2Measurement precision
If blind source separation is applied without prior information, then the method remains simple and general, but the number of sources cannot be determined and separation quality deteriorates
Solution Approach 1:
The patent performs preliminary analysis using non-sensor information to form hypotheses about source signals before the main separation process. This allows the system to leverage available information (such as spatial location, frequency characteristics, or temporal patterns) to improve separation quality without requiring complete prior knowledge of all source parameters.
Solution Approach 2:
The patent changes the parameter set by incorporating non-sensor information parameters (such as source location, signal power, or spectral characteristics) into the separation process. These additional parameters provide constraints that improve separation quality while maintaining the adaptability of the blind source separation framework.
3Measurement precision
If all source components are processed through blind source separation, then complete separation is achieved, but processing time increases
Solution Approach 1:
The patent segments the source separation process into two parts: sources that can be identified using non-sensor information (and thus require minimal processing) and sources that require full blind source separation.

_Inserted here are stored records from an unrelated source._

lemma expectation_urn_step:
  fixes F :: "nat list \<Rightarrow> real"
  assumes "0 \<le> p" "p \<le> 1" "bs \<noteq> []"
  shows "measure_pmf.expectation (urn_step p bs) F =
    p * F (bs @ [card (set bs) + 1]) + (1 - p) * (\<Sum>i<length bs. F (bs @ [bs ! i])) / length bs"
proof -
  have "set_pmf (pmf_of_set {..<length bs}) = {..<length bs}"
    using assms by (intro set_pmf_of_set) auto
  then have "measure_pmf.expectation (urn_step p bs) F =
      (\<Sum>b\<in>UNIV. pmf (bernoulli_pmf p) b * measure_pmf.expectation
         (if b then return_pmf (bs @ [card (set bs) + 1])
          else map_pmf (\<lambda>i. bs @ [bs ! i]) (pmf_of_set {..<length bs})) F)"
    unfolding urn_step_def by (subst pmf_expectation_bind[of UNIV]) auto
  moreover have "measure_pmf.expectation (pmf_of_set {..<length bs}) (\<lambda>i. F (bs @ [bs ! i])) =
      (\<Sum>i<length bs. F (bs @ [bs ! i])) / length bs"
    using assms by (subst integral_pmf_of_set) auto
  ultimately show ?thesis
    using assms by (simp add: UNIV_bool)
qed

lemma set_pmf_simon_urn:
  assumes "bs \<in> set_pmf (simon_urn p n)"
  shows "length bs = n \<and> (\<exists>k. set bs = {1..k})"
  using assms
proof (induction n arbitrary: bs)
  case 0
  then show ?case by (auto intro: exI[of _ 0])
next
  case (Suc n)
  show ?case
  proof (cases "n = 0")
    case True
    then show ?thesis using Suc.prems by (auto simp: simon_urn_Suc_0)
  next
    case False
    from Suc.prems obtain bs0 where bs0: "bs0 \<in> set_pmf (simon_urn p n)"
      and bs: "bs \<in> set_pmf (urn_step p bs0)"
      unfolding simon_urn_Suc[OF False] by auto
    obtain k where len0: "length bs0 = n" and k: "set bs0 = {1..k}"
      using Suc.IH[OF bs0] by blast
    with False have "bs0 \<noteq> []" by auto
    with bs consider "bs = bs0 @ [card (set bs0) + 1]" | x where "x \<in> set bs0" "bs = bs0 @ [x]"
      using set_pmf_urn_step by blast
    then show ?thesis
    proof cases
      case 1
      then show ?thesis using len0 k by (auto simp: atLeastAtMostSuc_conv intro!: exI[of _ "k + 1"])
    next
      case 2
      then show ?thesis using len0 k by (auto simp: insert_absorb)
    qed
  qed
qed

lemma finite_set_pmf_simon_urn: "finite (set_pmf (simon_urn p n))"
proof (rule finite_subset)
  show "set_pmf (simon_urn p n) \<subseteq> {bs. set bs \<subseteq> {..n} \<and> length bs = n}"
  proof
    fix bs assume bs: "bs \<in> set_pmf (simon_urn p n)"
    then obtain k where k: "set bs = {1..k}" and len: "length bs = n"
      using set_pmf_simon_urn by blast
    have "k \<le> n" using card_length[of bs] k len by simp
    then show "bs \<in> {bs. set bs \<subseteq> {..n} \<and> length bs = n}" using k len by auto
  qed
qed (simp add: finite_lists_length_eq)

lemma map_pmf_num_colours_urn_step:
  assumes "0 \<le> p" "p \<le> 1" "bs \<noteq> []" "set bs = {1..k}"
  shows "map_pmf (\<lambda>bs. card (set bs)) (urn_step p bs) =
    map_pmf (\<lambda>b. card (set bs) + of_bool b) (bernoulli_pmf p)"
proof -
  have "Suc (card (set bs)) \<notin> set bs"
    using assms(4) by simp
  then have new: "card (insert (Suc (card (set bs))) (set bs)) = Suc (card (set bs))"
    by simp
  have old: "map_pmf (\<lambda>bs. card (set bs)) (map_pmf (\<lambda>i. bs @ [bs ! i]) (pmf_of_set {..<length bs}))
      = return_pmf (card (set bs))"
  proof -
    have "set_pmf (pmf_of_set {..<length bs}) = {..<length bs}"
      using assms by (intro set_pmf_of_set) auto
    then have "map_pmf (\<lambda>i. card (set (bs @ [bs ! i]))) (pmf_of_set {..<length bs}) =
        map_pmf (\<lambda>_. card (set bs)) (pmf_of_set {..<length bs})"
      by (intro map_pmf_cong) (auto simp: insert_absorb)
    then show ?thesis by (simp add: pmf.map_comp o_def)
  qed
  show ?thesis
    unfolding urn_step_def map_bind_pmf map_pmf_def[of _ "bernoulli_pmf p"]
    by (intro bind_pmf_cong) (simp_all add: new old)
qed

lemma map_pmf_num_colours_simon_urn:
  assumes "0 \<le> p" "p \<le> 1"
  shows "map_pmf (\<lambda>bs. card (set bs)) (simon_urn p (Suc m)) = map_pmf Suc (binomial_pmf m p)"
proof (induction m)
  case 0
  then show ?case using assms unfolding simon_urn_Suc_0 by (simp add: binomial_pmf_0)
next
  case (Suc m)
  let ?colours = "\<lambda>bs. card (set bs)"
  have "map_pmf ?colours (simon_urn p (Suc (Suc m))) =
      simon_urn p (Suc m) \<bind> (\<lambda>bs. map_pmf (\<lambda>b. ?colours bs + of_bool b) (bernoulli_pmf p))"
    unfolding simon_urn_Suc[OF Suc_not_Zero] map_bind_pmf
  proof (intro bind_pmf_cong refl)
    fix bs assume "bs \<in> set_pmf (simon_urn p (Suc m))"
    then obtain k where "length bs = Suc m" "set bs = {1..k}"
      using set_pmf_simon_urn by blast
    with assms show "map_pmf ?colours (urn_step p bs) =
        map_pmf (\<lambda>b. ?colours bs + of_bool b) (bernoulli_pmf p)"
      by (intro map_pmf_num_colours_urn_step) auto
  qed
  also have "\<dots> = map_pmf Suc (binomial_pmf m p) \<bind>
      (\<lambda>k. map_pmf (\<lambda>b. k + of_bool b) (bernoulli_pmf p))"
    unfolding Suc.IH[symmetric] bind_map_pmf ..
  also have "\<dots> = binomial_pmf m p \<bind> (\<lambda>k. bernoulli_pmf p \<bind> (\<lambda>b. return_pmf (Suc (k + of_bool b))))"
    unfolding bind_map_pmf by (simp add: map_pmf_def)
  also have "\<dots> = bernoulli_pmf p \<bind> (\<lambda>b. binomial_pmf m p \<bind> (\<lambda>k. return_pmf (Suc (k + of_bool b))))"
    by (rule bind_commute_pmf)
  also have "\<dots> = map_pmf Suc (binomial_pmf (Suc m) p)"
    using assms by (simp add: binomial_pmf_Suc map_bind_pmf of_bool_def add.commute)
  finally show ?case .
qed

lemma prob_num_colours_simon_urn:
  assumes "0 \<le> p" "p \<le> 1"
  shows "measure_pmf.prob (simon_urn p (Suc m)) {bs. card (set bs) = k} =
    (if k = 0 then 0 else real (m choose (k - 1)) * p ^ (k - 1) * (1 - p) ^ (m - (k - 1)))"
proof -
  have "measure_pmf.prob (simon_urn p (Suc m)) {bs. card (set bs) = k} =
      pmf (map_pmf Suc (binomial_pmf m p)) k"
    by (simp add: map_pmf_num_colours_simon_urn[OF assms, symmetric] pmf_map vimage_def)
  also have "\<dots> = (if k = 0 then 0 else pmf (binomial_pmf m p) (k - 1))"
    by (cases k) (auto simp: pmf_map_inj' pmf_eq_0_set_pmf)
  finally show ?thesis using assms by simp
qed

lemma K_snoc: "K (bs @ [x]) c = K bs c + of_bool (x = c)"
  by (simp add: K_def)

lemma K_eq_0_iff: "K bs c = 0 \<longleftrightarrow> c \<notin> set bs"
  by (auto simp: K_def filter_empty_conv)

lemma sum_K_snoc_nth: "(\<Sum>i<length bs. K (bs @ [bs ! i]) c) = (length bs + 1) * K bs c"
proof -
  have "(\<Sum>i<length bs. of_bool (bs ! i = c)) = card {i. i < length bs \<and> bs ! i = c}"
    by (simp add: Collect_conj_eq lessThan_def Int_commute)
  also have "\<dots> = K bs c"
    by (simp add: K_def length_filter_conv_card)
  finally show ?thesis by (simp add: K_snoc sum.distrib)
qed

definition expected_K :: "real \<Rightarrow> nat \<Rightarrow> nat \<Rightarrow> real" where
  "expected_K p n c = measure_pmf.expectation (simon_urn p n) (\<lambda>bs. real (K bs c))"

lemma expected_K_eq_0:
  assumes "n < c"
  shows "expected_K p n c = 0"
proof -
  have "K bs c = 0" if bs: "bs \<in> set_pmf (simon_urn p n)" for bs
  proof -
    obtain k where k: "set bs = {1..k}" and len: "length bs = n"
      using set_pmf_simon_urn[OF bs] by blast
    have "k \<le> n" using card_length[of bs] k len by simp
    with assms k show ?thesis by (simp add: K_eq_0_iff)
  qed
  then have "expected_K p n c = measure_pmf.expectation (simon_urn p n) (\<lambda>_. 0)"
    unfolding expected_K_def by (intro integral_cong_AE) (simp_all add: AE_measure_pmf_iff)
  then show ?thesis by simp
qed

lemma expected_K_Suc:
  assumes "0 \<le> p" "p \<le> 1" "n \<noteq> 0" "c \<noteq> 0"
  shows "expected_K p (Suc n) c = (1 + (1 - p) / n) * expected_K p n c +
    p * measure_pmf.prob (simon_urn p n) {bs. card (set bs) = c - 1}"
proof -
  let ?new_colour = "\<lambda>bs. indicator {bs. card (set bs) = c - 1} bs :: real"
  have step: "measure_pmf.expectation (urn_step p bs) (\<lambda>bs. real (K bs c)) =
      (1 + (1 - p) / n) * K bs c + p * ?new_colour bs"
    if "bs \<in> set_pmf (simon_urn p n)" for bs
  proof -
    have len: "length bs = n" using set_pmf_simon_urn[OF that] by blast
    have "real (\<Sum>i<length bs. K (bs @ [bs ! i]) c) = real ((length bs + 1) * K bs c)"
      by (simp only: sum_K_snoc_nth)
    then have "(\<Sum>i<n. real (K (bs @ [bs ! i]) c)) = (n + 1) * K bs c"
      using len by simp
    then show ?thesis
      using assms len by (auto simp: expectation_urn_step K_snoc field_simps indicator_def)
  qed
  have nonempty: "bs \<noteq> []" if "bs \<in> set_pmf (simon_urn p n)" for bs
    using set_pmf_simon_urn[OF that] assms(3) by auto
  have "expected_K p (Suc n) c = measure_pmf.expectation (simon_urn p n)
      (\<lambda>bs. measure_pmf.expectation (urn_step p bs) (\<lambda>bs. real (K bs c)))"
    unfolding expected_K_def simon_urn_Suc[OF assms(3)]
    by (intro expectation_bind_pmf_finite finite_set_pmf_simon_urn finite_set_pmf_urn_step nonempty)
  also have "\<dots> = measure_pmf.expectation (simon_urn p n)
      (\<lambda>bs. (1 + (1 - p) / n) * K bs c + p * ?new_colour bs)"
    by (intro integral_cong_AE) (simp_all add: AE_measure_pmf_iff step)
  also have "\<dots> = (1 + (1 - p) / n) * expected_K p n c +
      p * measure_pmf.prob (simon_urn p n) {bs. card (set bs) = c - 1}"
    unfolding expected_K_def
    by (simp add: integrable_measure_pmf_finite[OF finite_set_pmf_simon_urn])
  finally show ?thesis .
qed

lemma expected_K_diagonal:
  assumes "0 \<le> p" "p \<le> 1" "c \<noteq> 0"
  shows "expected_K p c c = p ^ (c - 1)"
proof (cases c)
  case (Suc d)
  show ?thesis
  proof (cases d)
    case 0
    with Suc have "c = Suc 0" by simp
    then show ?thesis
      by (simp add: expected_K_def simon_urn_Suc_0 K_def)
  next
    case (Suc e)
    have "expected_K p c c = (1 + (1 - p) / d) * expected_K p d c +
        p * measure_pmf.prob (simon_urn p d) {bs. card (set bs) = d}"
      using assms \<open>c = Suc d\<close> Suc by (simp add: expected_K_Suc)
    moreover have "measure_pmf.prob (simon_urn p d) {bs. card (set bs) = d} = p ^ e"
      using assms Suc by (simp add: prob_num_colours_simon_urn)
    ultimately show ?thesis
      using \<open>c = Suc d\<close> Suc by (simp add: expected_K_eq_0)
  qed
qed (use assms in simp)

lemma linear_recurrence_closed_form:
  fixes a b r P :: "nat \<Rightarrow> real"
  assumes a_Suc: "\<And>m. k \<le> m \<Longrightarrow> a (Suc m) = r m * a m + b m"
    and P_Suc: "\<And>m. k \<le> m \<Longrightarrow> P (Suc m) = r m * P m"
    and P_nonzero: "\<And>m. k \<le> m \<Longrightarrow> P m \<noteq> 0"
    and "k \<le> n"
  shows "a n = P n * (a k / P k + (\<Sum>i = k + 1..n. b (i - 1) / P i))"
  using \<open>k \<le> n\<close>
proof (induction n rule: dec_induct)
  case base
  then show ?case using P_nonzero by simp
next
  case (step m)
  have "P (Suc m) \<noteq> 0" using P_nonzero step.hyps by simp
  then have "a (Suc m) = P (Suc m) * (a k / P k + (\<Sum>i = k + 1..m. b (i - 1) / P i)) +
      P (Suc m) * (b m / P (Suc m))"
    using step a_Suc P_Suc by (simp add: algebra_simps)
  then show ?case
    using step.hyps by (simp add: algebra_simps)
qed
definition cond_density :: "(real \<Rightarrow> real) \<Rightarrow> real \<Rightarrow> real \<Rightarrow> real \<Rightarrow> real \<Rightarrow> real \<Rightarrow> real" where
  "cond_density g mu1 mu2 sg rho y =
     rho * sqrt (1 - rho^2) / sg *
     ((LINT w:{..zfun mu1 mu2 sg rho y}|lborel. g (((y - mu1) / sg)^2 + w^2)) /
      (LINT u:{-mu2..}|lborel.
         (LINT x|lborel. g ((x / rho)^2 + ((u - x) / sqrt (1 - rho^2))^2))))"

end

theory Submission
  imports Defs
begin

text \<open>Condition through the joint density h: P(Y \<in> B, U > 0) is the integral over B of the
  slice integral of h(y, u) over u > 0, so that slice integral divided by P(U > 0) is the density
  of Y given U > 0. Both are evaluated by affine substitutions diagonalising the quadratic form:
  on a vertical line u = mu2 + rho s + sqrt(1 - rho^2) w, with s = (y - mu1)/sg, it becomes
  s^2 + w^2, which yields the numerator; on a horizontal line y = mu1 + (sg/rho) x it becomes the
  integrand of the denominator. The normalising constant K cancels.\<close>

lemma distributed_emeasure_Times:
  assumes "sigma_finite_measure T"
    and Pxy: "distributed M (S \<Otimes>\<^sub>M T) (\<lambda>\<omega>. (X \<omega>, Y \<omega>)) Pxy"
    and B: "B \<in> sets S" and C: "C \<in> sets T"
  shows "emeasure M {\<omega> \<in> space M. X \<omega> \<in> B \<and> Y \<omega> \<in> C}
    = (\<integral>\<^sup>+x. (\<integral>\<^sup>+y. Pxy (x, y) * indicator C y \<partial>T) * indicator B x \<partial>S)"
proof -
  interpret T: sigma_finite_measure T by fact
  note Pxy[measurable]
  have "{\<omega> \<in> space M. X \<omega> \<in> B \<and> Y \<omega> \<in> C} = (\<lambda>\<omega>. (X \<omega>, Y \<omega>)) -` (B \<times> C) \<inter> space M"
    by auto
  also have "emeasure M \<dots> = (\<integral>\<^sup>+p. Pxy p * indicator (B \<times> C) p \<partial>(S \<Otimes>\<^sub>M T))"
    using B C by (intro distributed_emeasure[OF Pxy]) simp
  also have "\<dots> = (\<integral>\<^sup>+x. \<integral>\<^sup>+y. Pxy (x, y) * indicator (B \<times> C) (x, y) \<partial>T \<partial>S)"
    using B C by (intro T.nn_integral_fst[symmetric]) simp
  also have "\<dots> = (\<integral>\<^sup>+x. (\<integral>\<^sup>+y. Pxy (x, y) * indicator C y \<partial>T) * indicator B x \<partial>S)"
  proof (rule nn_integral_cong)
    fix x assume [measurable]: "x \<in> space S"
    show "(\<integral>\<^sup>+y. Pxy (x, y) * indicator (B \<times> C) (x, y) \<partial>T)
        = (\<integral>\<^sup>+y. Pxy (x, y) * indicator C y \<partial>T) * indicator B x"
      using C by (subst nn_integral_multc[symmetric])
        (auto intro!: nn_integral_cong split: split_indicator)
  qed
  finally show ?thesis .
qed

text \<open>No positivity hypothesis is needed: if P(Y \<in> C) = 0, both the uniform measure and the
  density divide by 0 in ennreal, i.e. multiply by \<infinity>.\<close>

lemma distributed_conditional_fst:
  assumes "sigma_finite_measure T"
    and Pxy: "distributed M (S \<Otimes>\<^sub>M T) (\<lambda>\<omega>. (X \<omega>, Y \<omega>)) Pxy"
    and C: "C \<in> sets T"
  shows "distributed (uniform_measure M {\<omega> \<in> space M. Y \<omega> \<in> C}) S X
    (\<lambda>x. (\<integral>\<^sup>+y. Pxy (x, y) * indicator C y \<partial>T) / emeasure M {\<omega> \<in> space M. Y \<omega> \<in> C})"
    (is "distributed (uniform_measure M ?A) S X ?f")
proof -
  interpret T: sigma_finite_measure T by fact
  note Pxy[measurable] C[measurable]
  have F_meas[measurable]: "(\<lambda>x. \<integral>\<^sup>+y. Pxy (x, y) * indicator C y \<partial>T) \<in> borel_measurable S"
    by (rule T.borel_measurable_nn_integral) measurable
  have f_meas: "?f \<in> borel_measurable S"
    by measurable
  have "emeasure (distr (uniform_measure M ?A) S X) B = emeasure (density S ?f) B"
    if B[measurable]: "B \<in> sets S" for B
  proof -
    have "emeasure (distr (uniform_measure M ?A) S X) B
        = emeasure M (?A \<inter> (X -` B \<inter> space M)) / emeasure M ?A"
      by (simp add: emeasure_distr)
    also have "?A \<inter> (X -` B \<inter> space M) = {\<omega> \<in> space M. X \<omega> \<in> B \<and> Y \<omega> \<in> C}"
      by auto
    also have "emeasure M \<dots> / emeasure M ?A
        = (\<integral>\<^sup>+x. (\<integral>\<^sup>+y. Pxy (x, y) * indicator C y \<partial>T) * indicator B x \<partial>S) / emeasure M ?A"
      by (simp add: distributed_emeasure_Times[OF assms(1) Pxy B C])
    also have "\<dots> = emeasure (density S ?f) B"
      by (subst nn_integral_divide[symmetric])
        (auto simp: emeasure_density f_meas divide_ennreal_def mult_ac)
    finally show ?thesis .
  qed
  then show ?thesis
    unfolding distributed_def using f_meas by (auto intro!: measure_eqI)
qed

lemma (in sigma_finite_measure) AE_nn_integral_eq_integral:
  fixes f :: "'b \<Rightarrow> 'a \<Rightarrow> real"
  assumes f_meas[measurable]: "(\<lambda>(x, y). f x y) \<in> borel_measurable (N \<Otimes>\<^sub>M M)"
    and f_nonneg: "\<And>x y. 0 \<le> f x y"
    and A[measurable]: "A \<in> sets N"
    and finite: "(\<integral>\<^sup>+x. (\<integral>\<^sup>+y. ennreal (f x y) \<partial>M) * indicator A x \<partial>N) \<noteq> \<infinity>"
  shows "AE x in N. x \<in> A \<longrightarrow> (\<integral>\<^sup>+y. ennreal (f x y) \<partial>M) = ennreal (\<integral>y. f x y \<partial>M)"
proof -
  have [measurable]: "(\<lambda>x. \<integral>\<^sup>+y. ennreal (f x y) \<partial>M) \<in> borel_measurable N"
    by (rule borel_measurable_nn_integral) measurable
  have "AE x in N. (\<integral>\<^sup>+y. ennreal (f x y) \<partial>M) * indicator A x \<noteq> \<infinity>"
    using finite by (intro nn_integral_PInf_AE) measurable
  then show ?thesis
  proof eventually_elim
    case (elim x)
    show ?case
    proof
      assume "x \<in> A"
      then have [measurable]: "x \<in> space N"
        using sets.sets_into_space[OF A] by blast
      from \<open>x \<in> A\<close> elim have "(\<integral>\<^sup>+y. ennreal (f x y) \<partial>M) < \<infinity>"
        by (simp add: top.not_eq_extremum)
      then show "(\<integral>\<^sup>+y. ennreal (f x y) \<partial>M) = ennreal (\<integral>y. f x y \<partial>M)"
        by (intro nn_integral_eq_integral integrableI_nonneg) (auto simp: f_nonneg)
    qed
  qed
qed

lemma (in sigma_finite_measure) nn_integral_iterated_eq_set_integral:
  fixes f :: "'b \<Rightarrow> 'a \<Rightarrow> real"
  assumes f_meas[measurable]: "(\<lambda>(x, y). f x y) \<in> borel_measurable (N \<Otimes>\<^sub>M M)"
    and f_nonneg: "\<And>x y. 0 \<le> f x y"
    and A[measurable]: "A \<in> sets N"
    and finite: "(\<integral>\<^sup>+x. (\<integral>\<^sup>+y. ennreal (f x y) \<partial>M) * indicator A x \<partial>N) \<noteq> \<infinity>"
  shows "(\<integral>\<^sup>+x. (\<integral>\<^sup>+y. ennreal (f x y) \<partial>M) * indicator A x \<partial>N)
    = ennreal (LINT x:A|N. \<integral>y. f x y \<partial>M)"
proof -
  have [measurable]: "(\<lambda>x. \<integral>y. f x y \<partial>M) \<in> borel_measurable N"
    by (rule borel_measurable_lebesgue_integral) measurable
  have inner_nonneg: "0 \<le> (\<integral>y. f x y \<partial>M)" for x
    by (simp add: f_nonneg)
  have eq: "(\<integral>\<^sup>+x. (\<integral>\<^sup>+y. ennreal (f x y) \<partial>M) * indicator A x \<partial>N)
      = (\<integral>\<^sup>+x. ennreal (indicator A x * (\<integral>y. f x y \<partial>M)) \<partial>N)"
    using AE_nn_integral_eq_integral[OF assms]
    by (intro nn_integral_cong_AE, eventually_elim) (simp add: indicator_def)
  show ?thesis
    using finite unfolding eq set_lebesgue_integral_def real_scaleR_def
    by (intro nn_integral_eq_integral integrableI_nonneg)
      (auto simp: top.not_eq_extremum inner_nonneg)
qed

lemma biv_quad_conditional_coords:
  assumes "sg \<noteq> 0" "\<bar>rho\<bar> < 1"
  shows "biv_quad mu1 mu2 sg rho (mu1 + sg * s, mu2 + rho * s + sqrt (1 - rho^2) * w) = s^2 + w^2"
proof -
  have "rho^2 < 1"
    using assms(2) by (simp add: abs_square_less_1)
  then have r2: "(sqrt (1 - rho^2))^2 = 1 - rho^2" and "1 - rho^2 \<noteq> 0"
    by simp_all
  then show ?thesis
    using assms(1) unfolding biv_quad_def Let_def
    by (simp add: field_simps)
      (simp add: power2_eq_square algebra_simps r2[unfolded power2_eq_square])
qed

lemma biv_quad_marginal_coords:
  assumes "sg \<noteq> 0" "rho \<noteq> 0" "\<bar>rho\<bar> < 1"
  shows "biv_quad mu1 mu2 sg rho (mu1 + sg / rho * x, mu2 + b)
    = (x / rho)^2 + ((b - x) / sqrt (1 - rho^2))^2"
proof -
  have "rho^2 < 1"
    using assms(3) by (simp add: abs_square_less_1)
  then have r2: "(sqrt (1 - rho^2))^2 = 1 - rho^2" and "1 - rho^2 \<noteq> 0"
    by simp_all
  with assms(1,2) show ?thesis
    unfolding biv_quad_def Let_def power_divide r2
    by (simp add: divide_simps) (simp add: power2_eq_square algebra_simps)
qed

lemma biv_sym_density_measurable[measurable]:
  assumes [measurable]: "g \<in> borel_measurable borel"
  shows "biv_sym_density g K mu1 mu2 sg rho \<in> borel_measurable borel"
  unfolding biv_sym_density_def biv_quad_def Let_def by (subst borel_prod[symmetric]) measurable

lemma biv_sym_density_eq:
  assumes "0 < sg"
  shows "biv_sym_density g K mu1 mu2 sg rho p
    = g (biv_quad mu1 mu2 sg rho p) / (sg * sqrt (1 - rho^2) * pi * K)"
  using assms by (simp add: biv_sym_density_def real_sqrt_mult)

locale biv_sym_params =
  fixes g :: "real \<Rightarrow> real" and K mu1 mu2 sg rho :: real
  assumes g_meas: "g \<in> borel_measurable borel"
    and g_nonneg: "\<And>u. 0 \<le> u \<Longrightarrow> 0 \<le> g u"
    and K_pos: "0 < K" and sg_pos: "0 < sg"
    and rho_pos: "0 < rho" and rho_lt1: "rho < 1"
begin

declare g_meas[measurable]

abbreviation dens :: "real \<times> real \<Rightarrow> real"
  where "dens \<equiv> biv_sym_density g K mu1 mu2 sg rho"

abbreviation slice_integrand :: "real \<Rightarrow> real \<Rightarrow> real"
  where "slice_integrand y w \<equiv> g (((y - mu1) / sg)^2 + w^2)"

abbreviation row_integrand :: "real \<Rightarrow> real \<Rightarrow> real"
  where "row_integrand b x \<equiv> g ((x / rho)^2 + ((b - x) / sqrt (1 - rho^2))^2)"

lemma sqrt_one_minus_rho_square_pos: "0 < sqrt (1 - rho^2)"
  using rho_pos rho_lt1 by (simp add: power_less_one_iff)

This segmentation allows the system to process only the necessary subset of sources through the computationally intensive BSS algorithm, reducing overall processing time while maintaining separation completeness.
Solution Approach 2:
The patent applies partial action by using non-sensor information to partially identify and separate certain source signals before applying blind source separation to the remaining components. This reduces the dimensionality and complexity of the BSS problem, achieving complete separation with less processing time than applying BSS to all sources simultaneously.
Data Source
AI summary
In environments (such as acoustic and bioelectrical environments) characterized by multiple simultaneous sources, effective blind source separation from sensor response mixtures becomes difficult as the number of sources increases-especially when the true number of sources is both unknown and changing over time. However, in some environments, non-sensor information can provide useful hypotheses for some sources. Embodiments of the present invention provide an adaptive filtering architecture for validating such source hypotheses, extracting an estimated representation of source signals corresponding to valid hypotheses, and improving the separation of the remaining “hidden” source signals from the sensor response mixtures.